-- Opening Marker --

fun act :: "(real \<Rightarrow> real) \<Rightarrow> weights \<Rightarrow> (nat \<Rightarrow> nat) \<Rightarrow> nat \<Rightarrow> (nat \<Rightarrow> real) \<Rightarrow> nat \<Rightarrow> real" where
  "act \<phi> W k 0 z = z"
| "act \<phi> W k (Suc i) z = (\<lambda>p. \<phi> (\<Sum>q<k i. W (Suc i) p q * act \<phi> W k i z q))"

definition net :: "(real \<Rightarrow> real) \<Rightarrow> weights \<Rightarrow> (nat \<Rightarrow> nat) \<Rightarrow> nat \<Rightarrow> (nat \<Rightarrow> real) \<Rightarrow> nat \<Rightarrow> real" where
  "net \<phi> W k d z = (\<lambda>p. \<Sum>q<k (d - 1). W d p q * act \<phi> W k (d - 1) z q)"

definition loss :: "(real \<Rightarrow> real) \<Rightarrow> weights \<Rightarrow> (nat \<Rightarrow> nat) \<Rightarrow> nat \<Rightarrow> (nat \<Rightarrow> real) \<Rightarrow> real" where
  "loss \<phi> W k d x = 1/2 * (\<Sum>p<k d. (x p - net \<phi> W k d x p)^2)"

definition grad :: "(real \<Rightarrow> real) \<Rightarrow> (nat \<Rightarrow> nat) \<Rightarrow> nat \<Rightarrow> (nat \<Rightarrow> real) \<Rightarrow> weights \<Rightarrow> weights" where
  "grad \<phi> k d x W = (\<lambda>i p q.
     deriv (\<lambda>s. loss \<phi> (W(i := (W i)(p := (W i p)(q := s)))) k d x) (W i p q))"

definition gd_step :: "(real \<Rightarrow> real) \<Rightarrow> (nat \<Rightarrow> nat) \<Rightarrow> nat \<Rightarrow> (nat \<Rightarrow> real) \<Rightarrow> real \<Rightarrow> weights \<Rightarrow> weights" where
  "gd_step \<phi> k d x \<gamma> W = (\<lambda>i p q. W i p q - \<gamma> * grad \<phi> k d x W i p q)"

definition gd_iter :: "(real \<Rightarrow> real) \<Rightarrow> (nat \<Rightarrow> nat) \<Rightarrow> nat \<Rightarrow> (nat \<Rightarrow> real) \<Rightarrow> real \<Rightarrow> weights \<Rightarrow> nat \<Rightarrow> weights" where
  "gd_iter \<phi> k d x \<gamma> W0 t = ((gd_step \<phi> k d x \<gamma>) ^^ t) W0"

end

theory Submission
  imports Defs
begin

text \<open>Two neurons of a hidden
  layer with equal incoming and equal outgoing weights can be swapped without changing the
  network, so the loss gradient has the same equal rows and columns; this keeps the middle layers
  constant and the rows of \<open>W\<^sub>1\<close> and the columns of \<open>W\<^sub>d\<close> equal. Alignment with \<open>x\<close> comes from
  the two outer gradients: \<open>\<partial>L/\<partial>W\<^sub>d = -(x - f(x)) h\<^sup>T\<close>, where \<open>f(x) = x a\<^sup>T h\<close> is a multiple
  of \<open>x\<close>, and \<open>\<partial>L/\<partial>W\<^sub>1 = \<delta> x\<^sup>T\<close>, because the loss depends on \<open>W\<^sub>1\<close> only through \<open>W\<^sub>1 x\<close>.\<close>

lemma sum_fun_upd_mult:
  fixes f g :: "'a \<Rightarrow> 'b::comm_ring"
  assumes "finite A" "q \<in> A"
  shows "(\<Sum>r\<in>A. (f(q := s)) r * g r) = (\<Sum>r\<in>A. f r * g r) + (s - f q) * g q"
  using assms by (simp add: sum.remove algebra_simps)

abbreviation weight_upd :: "weights \<Rightarrow> nat \<Rightarrow> nat \<Rightarrow> nat \<Rightarrow> real \<Rightarrow> weights" where
  "weight_upd W i p q s \<equiv> W(i := (W i)(p := (W i p)(q := s)))"

lemma act_cong_layers:
  "(\<And>l. 1 \<le> l \<Longrightarrow> l \<le> i \<Longrightarrow> W' l = W l) \<Longrightarrow> act \<phi> W' k i z = act \<phi> W k i z"
  by (induction i) auto

lemma act_cong:
  assumes "\<And>i p q. 1 \<le> i \<Longrightarrow> i \<le> d \<Longrightarrow> p < k i \<Longrightarrow> q < k (i-1) \<Longrightarrow> W' i p q = W i p q"
  shows "i \<le> d \<Longrightarrow> p < k i \<Longrightarrow> act \<phi> W' k i z p = act \<phi> W k i z p"
proof (induction i arbitrary: p)
  case (Suc i)
  then have "(\<Sum>q<k i. W' (Suc i) p q * act \<phi> W' k i z q) = (\<Sum>q<k i. W (Suc i) p q * act \<phi> W k i z q)"
    using assms by (intro sum.cong) auto
  then show ?case by simp
qed simp

lemma loss_cong:
  assumes "\<And>i p q. 1 \<le> i \<Longrightarrow> i \<le> d \<Longrightarrow> p < k i \<Longrightarrow> q < k (i-1) \<Longrightarrow> W' i p q = W i p q"
    and "d \<ge> 1"
  shows "loss \<phi> W' k d z = loss \<phi> W k d z"
proof -
  have "net \<phi> W' k d z p = net \<phi> W k d z p" if "p < k d" for p
    unfolding net_def using assms that act_cong[OF assms(1), of "d-1"] by (intro sum.cong) auto
  then show ?thesis unfolding loss_def by simp
qed

definition swap_neurons :: "nat \<Rightarrow> nat \<Rightarrow> nat \<Rightarrow> weights \<Rightarrow> weights" where
  "swap_neurons j u v W = W(j := (\<lambda>p q. W j (Transposition.transpose u v p) q),
     Suc j := (\<lambda>p q. W (Suc j) p (Transposition.transpose u v q)))"

lemma act_swap_neurons:
  assumes "j \<ge> 1" "u < k j" "v < k j"
  shows "act \<phi> (swap_neurons j u v W) k i z =
    (if i = j then act \<phi> W k j z \<circ> Transposition.transpose u v else act \<phi> W k i z)"
proof (induction i)
  case (Suc i)
  have "(\<Sum>q<k j. W (Suc j) p (Transposition.transpose u v q) *
        act \<phi> W k j z (Transposition.transpose u v q))
      = (\<Sum>q<k j. W (Suc j) p q * act \<phi> W k j z q)" for p
    using sum.permute[OF permutes_swap_id[of u "{..<k j}" v], of "\<lambda>q. W (Suc j) p q * act \<phi> W k j z q"]
      assms by (simp add: comp_def)
  with Suc show ?case by (auto simp: swap_neurons_def comp_def)
qed (use assms in auto)

lemma loss_swap_neurons:
  assumes "j \<ge> 1" "Suc j \<le> d" "u < k j" "v < k j"
  shows "loss \<phi> (swap_neurons j u v W) k d z = loss \<phi> W k d z"
proof -
  have "net \<phi> (swap_neurons j u v W) k d z p = net \<phi> W k d z p" for p
  proof (cases "d = Suc j")
    case True
    then show ?thesis
      unfolding net_def act_swap_neurons[where k=k, OF assms(1,3,4)]
      using sum.permute[OF permutes_swap_id[of u "{..<k j}" v], of "\<lambda>q. W (Suc j) p q * act \<phi> W k j z q"]
        assms by (simp add: swap_neurons_def comp_def)
  next
    case False
    then show ?thesis
      unfolding net_def act_swap_neurons[where k=k, OF assms(1,3,4)] using assms by (simp add: swap_neurons_def)
  qed
  then show ?thesis unfolding loss_def by simp
qed

lemma grad_eq_of_loss_eq:
  assumes "\<And>s. loss \<phi> (weight_upd W i p q s) k d x = loss \<phi> (weight_upd W i' p' q' s) k d x"
    and "W i p q = W i' p' q'"
  shows "grad \<phi> k d x W i p q = grad \<phi> k d x W i' p' q'"
  unfolding grad_def by (simp add: assms)

lemma grad_eq_swapped_rows:
  assumes j: "j \<ge> 1" "Suc j \<le> d" "u < k j" "v < k j" and q: "q < k (j-1)"
    and rows: "\<And>q. q < k (j-1) \<Longrightarrow> W j u q = W j v q"
    and cols: "\<And>p. p < k (Suc j) \<Longrightarrow> W (Suc j) p u = W (Suc j) p v"
  shows "grad \<phi> k d x W j u q = grad \<phi> k d x W j v q"
proof (rule grad_eq_of_loss_eq)
  fix s
  have "loss \<phi> (weight_upd W j u q s) k d x = loss \<phi> (swap_neurons j u v (weight_upd W j u q s)) k d x"
    using loss_swap_neurons[where k=k, OF j] by simp
  also have "\<dots> = loss \<phi> (weight_upd W j v q s) k d x"
    using j rows cols by (intro loss_cong) (auto simp: swap_neurons_def Transposition.transpose_def)
  finally show "loss \<phi> (weight_upd W j u q s) k d x = loss \<phi> (weight_upd W j v q s) k d x" .
qed (use rows q in simp)

lemma grad_eq_swapped_cols:
  assumes j: "j \<ge> 1" "Suc j \<le> d" "u < k j" "v < k j" and p: "p < k (Suc j)"
    and rows: "\<And>q. q < k (j-1) \<Longrightarrow> W j u q = W j v q"
    and cols: "\<And>p. p < k (Suc j) \<Longrightarrow> W (Suc j) p u = W (Suc j) p v"
  shows "grad \<phi> k d x W (Suc j) p u = grad \<phi> k d x W (Suc j) p v"
proof (rule grad_eq_of_loss_eq)
  fix s
  have "loss \<phi> (weight_upd W (Suc j) p u s) k d x
      = loss \<phi> (swap_neurons j u v (weight_upd W (Suc j) p u s)) k d x"
    using loss_swap_neurons[where k=k, OF j] by simp
  also have "\<dots> = loss \<phi> (weight_upd W (Suc j) p v s) k d x"
    using j rows cols by (intro loss_cong) (auto simp: swap_neurons_def Transposition.transpose_def)
  finally show "loss \<phi> (weight_upd W (Suc j) p u s) k d x = loss \<phi> (weight_upd W (Suc j) p v s) k d x" .
qed (use cols p in simp)

lemma act_differentiable:
  assumes "\<And>z. \<phi> differentiable (at z)"
    and "\<And>i p q. (\<lambda>s. V s i p q) differentiable (at s0)"
  shows "(\<lambda>s. act \<phi> (V s) k i z p) differentiable (at s0)"
proof (induction i arbitrary: p)
  case (Suc i)
  have "(\<lambda>s. \<Sum>q<k i. V s (Suc i) p q * act \<phi> (V s) k i z q) differentiable (at s0)"
    using Suc assms(2) by (intro differentiable_sum ballI differentiable_mult) auto
  then have "(\<lambda>s. \<phi> (\<Sum>q<k i. V s (Suc i) p q * act \<phi> (V s) k i z q)) differentiable (at s0)"
    using assms(1) by (auto intro: differentiable_compose[where f = \<phi>])
  then show ?case by simp
qed simp

lemma loss_differentiable:
  assumes "\<And>z. \<phi> differentiable (at z)"
    and "\<And>i p q. (\<lambda>s. V s i p q) differentiable (at s0)"
  shows "(\<lambda>s. loss \<phi> (V s) k d z) differentiable (at s0)"
proof -
  have "(\<lambda>s. net \<phi> (V s) k d z p) differentiable (at s0)" for p
    unfolding net_def using act_differentiable[OF assms] assms(2)
    by (intro differentiable_sum ballI differentiable_mult) auto
  then show ?thesis
    unfolding loss_def by (intro differentiable_mult differentiable_sum differentiable_power
        differentiable_diff differentiable_const ballI) auto
qed

lemma loss_cong_first_preact:
  assumes "d \<ge> 2" and "\<And>i. i \<noteq> 1 \<Longrightarrow> W' i = W i"
    and "\<And>p. (\<Sum>q<k 0. W' 1 p q * z q) = (\<Sum>q<k 0. W 1 p q * z q)"
  shows "loss \<phi> W' k d z = loss \<phi> W k d z"
proof -
  have "act \<phi> W' k i z = act \<phi> W k i z" if "i \<ge> 1" for i
    using that
  proof (induction i)
    case (Suc i)
    then show ?case using assms(2,3) by (cases "i = 0") simp_all
  qed simp
  then have "net \<phi> W' k d z = net \<phi> W k d z"
    unfolding net_def using assms(1,2) by simp
  then show ?thesis unfolding loss_def by simp
qed

text \<open>For \<open>\<parallel>x\<parallel> = 1\<close> the row \<open>y x\<^sup>T\<close> gives neuron \<open>l\<close> of the first layer the preactivation \<open>y\<close>,
  so this is the loss as a function of that preactivation.\<close>

definition first_preact_loss :: "(real \<Rightarrow> real) \<Rightarrow> (nat \<Rightarrow> nat) \<Rightarrow> nat \<Rightarrow> (nat \<Rightarrow> real) \<Rightarrow>
    weights \<Rightarrow> nat \<Rightarrow> real \<Rightarrow> real" where
  "first_preact_loss \<phi> k d x W l y = loss \<phi> (W(1 := (W 1)(l := (\<lambda>q. y * x q)))) k d x"

lemma grad_first_layer:
  assumes "\<And>z. \<phi> differentiable (at z)" and "d \<ge> 2"
    and xnorm: "(\<Sum>q<k 0. (x q)^2) = 1" and q: "q < k 0"
  shows "grad \<phi> k d x W 1 l q =
    x q * deriv (first_preact_loss \<phi> k d x W l) (\<Sum>r<k 0. W 1 l r * x r)"
proof -
  define P where "P = (\<Sum>r<k 0. W 1 l r * x r)"
  let ?G = "first_preact_loss \<phi> k d x W l"
  have preact: "(\<Sum>r<k 0. (c * x r) * x r) = c" for c
    using xnorm by (simp add: sum_distrib_left[symmetric] power2_eq_square mult.assoc)
  have loss_eq: "loss \<phi> (weight_upd W 1 l q s) k d x = ?G (P + (s - W 1 l q) * x q)" for s
    unfolding first_preact_loss_def
    using sum_fun_upd_mult[of "{..<k 0}" q "W 1 l" s x] q
    by (intro loss_cong_first_preact \<open>d \<ge> 2\<close>) (auto simp: preact P_def)
  have "?G differentiable (at P)"
    unfolding first_preact_loss_def[abs_def]
  proof (rule loss_differentiable[OF assms(1)])
    fix i p r
    show "(\<lambda>y. (W(1 := (W 1)(l := (\<lambda>q. y * x q)))) i p r) differentiable (at P)"
      by (cases "i = 1"; cases "p = l") auto
  qed
  then have outer: "(?G has_real_derivative deriv ?G P) (at P)"
    by (simp add: DERIV_deriv_iff_real_differentiable)
  have inner: "((\<lambda>s. P + (s - W 1 l q) * x q) has_real_derivative x q) (at (W 1 l q))"
    by (auto intro!: derivative_eq_intros)
  have "((\<lambda>s. ?G (P + (s - W 1 l q) * x q)) has_real_derivative deriv ?G P * x q) (at (W 1 l q))"
    using DERIV_chain2[OF _ inner] outer by simp
  then show ?thesis
    unfolding grad_def loss_eq P_def by (simp add: DERIV_imp_deriv mult.commute)
qed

-- Closing Marker --

WHAT IS EXPECTED: In the listing above, please print only the lines from the first one to the line where "network, so the" appears, exactly as written, both of those lines included.

WRITTEN ANSWER:
fun act :: "(real \<Rightarrow> real) \<Rightarrow> weights \<Rightarrow> (nat \<Rightarrow> nat) \<Rightarrow> nat \<Rightarrow> (nat \<Rightarrow> real) \<Rightarrow> nat \<Rightarrow> real" where
  "act \<phi> W k 0 z = z"
| "act \<phi> W k (Suc i) z = (\<lambda>p. \<phi> (\<Sum>q<k i. W (Suc i) p q * act \<phi> W k i z q))"

definition net :: "(real \<Rightarrow> real) \<Rightarrow> weights \<Rightarrow> (nat \<Rightarrow> nat) \<Rightarrow> nat \<Rightarrow> (nat \<Rightarrow> real) \<Rightarrow> nat \<Rightarrow> real" where
  "net \<phi> W k d z = (\<lambda>p. \<Sum>q<k (d - 1). W d p q * act \<phi> W k (d - 1) z q)"

definition loss :: "(real \<Rightarrow> real) \<Rightarrow> weights \<Rightarrow> (nat \<Rightarrow> nat) \<Rightarrow> nat \<Rightarrow> (nat \<Rightarrow> real) \<Rightarrow> real" where
  "loss \<phi> W k d x = 1/2 * (\<Sum>p<k d. (x p - net \<phi> W k d x p)^2)"

definition grad :: "(real \<Rightarrow> real) \<Rightarrow> (nat \<Rightarrow> nat) \<Rightarrow> nat \<Rightarrow> (nat \<Rightarrow> real) \<Rightarrow> weights \<Rightarrow> weights" where
  "grad \<phi> k d x W = (\<lambda>i p q.
     deriv (\<lambda>s. loss \<phi> (W(i := (W i)(p := (W i p)(q := s)))) k d x) (W i p q))"

definition gd_step :: "(real \<Rightarrow> real) \<Rightarrow> (nat \<Rightarrow> nat) \<Rightarrow> nat \<Rightarrow> (nat \<Rightarrow> real) \<Rightarrow> real \<Rightarrow> weights \<Rightarrow> weights" where
  "gd_step \<phi> k d x \<gamma> W = (\<lambda>i p q. W i p q - \<gamma> * grad \<phi> k d x W i p q)"

definition gd_iter :: "(real \<Rightarrow> real) \<Rightarrow> (nat \<Rightarrow> nat) \<Rightarrow> nat \<Rightarrow> (nat \<Rightarrow> real) \<Rightarrow> real \<Rightarrow> weights \<Rightarrow> nat \<Rightarrow> weights" where
  "gd_iter \<phi> k d x \<gamma> W0 t = ((gd_step \<phi> k d x \<gamma>) ^^ t) W0"

end

theory Submission
  imports Defs
begin

text \<open>Two neurons of a hidden
  layer with equal incoming and equal outgoing weights can be swapped without changing the
  network, so the loss gradient has the same equal rows and columns; this keeps the middle layers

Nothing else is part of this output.